Instructions for the task: Gather each line containing the string "noteq" from these entries.
[Opening Data shown section]
text \<open>Both inner products are instances of the form \<open>\<langle>x, y\<rangle> = \<Sum>j. x\<^sub>j \<sigma>(y\<^sub>j)\<close> for an
  injective ring endomorphism \<open>\<sigma>\<close>: the identity, resp. the Frobenius map \<open>a \<mapsto> a\<^sup>2\<close> in
  characteristic 2. A codeword of \<open>C'\<close> has the form \<open>(a, a x + u)\<close> with \<open>u \<in> C\<close>. If it is
  orthogonal to \<open>C'\<close>, testing against the codewords \<open>(0, g)\<close>, \<open>g \<in> C\<close>, and using \<open>x \<perp> C\<close>
  shows \<open>u \<in> C \<inter> C\<^sup>\<perp> = 0\<close>; testing against the first row \<open>(1, x)\<close> then gives
  \<open>\<sigma>(a) (1 + \<langle>x, x\<rangle>) = 0\<close>. Over GF(2), GF(3) and GF(4) every nonzero \<open>a\<close> satisfies
  \<open>a \<sigma>(a) = 1\<close>, so \<open>\<langle>x, x\<rangle> = wt(x)\<close> in the prime field, and the weight conditions say
  exactly that \<open>1 + wt(x) \<noteq> 0\<close> there.\<close>

lemma pow_card_minus_one_eq_1:
  fixes a :: "'a::{field,finite}"
  assumes "a \<noteq> 0"
  shows "a ^ (CARD('a) - 1) = 1"
proof -
  let ?U = "UNIV - {0::'a}"
  have "(\<Prod>y\<in>?U. a * y) = (\<Prod>y\<in>?U. y)"
    by (rule prod.reindex_bij_witness[of _ "\<lambda>y. y / a" "\<lambda>y. a * y"]) (use assms in auto)
  moreover have "(\<Prod>y\<in>?U. a * y) = a ^ card ?U * (\<Prod>y\<in>?U. y)"
    by (simp add: prod.distrib)
  moreover have "(\<Prod>y\<in>?U. y) \<noteq> 0" and "card ?U = CARD('a) - 1"
    by (simp_all add: card_Diff_subset)
  ultimately show ?thesis
    by (metis mult_cancel_right1)
qed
[Closing Data shown section]
Output for this task:
  exactly that \<open>1 + wt(x) \<noteq> 0\<close> there.\<close>
  assumes "a \<noteq> 0"
  moreover have "(\<Prod>y\<in>?U. y) \<noteq> 0" and "card ?U = CARD('a) - 1"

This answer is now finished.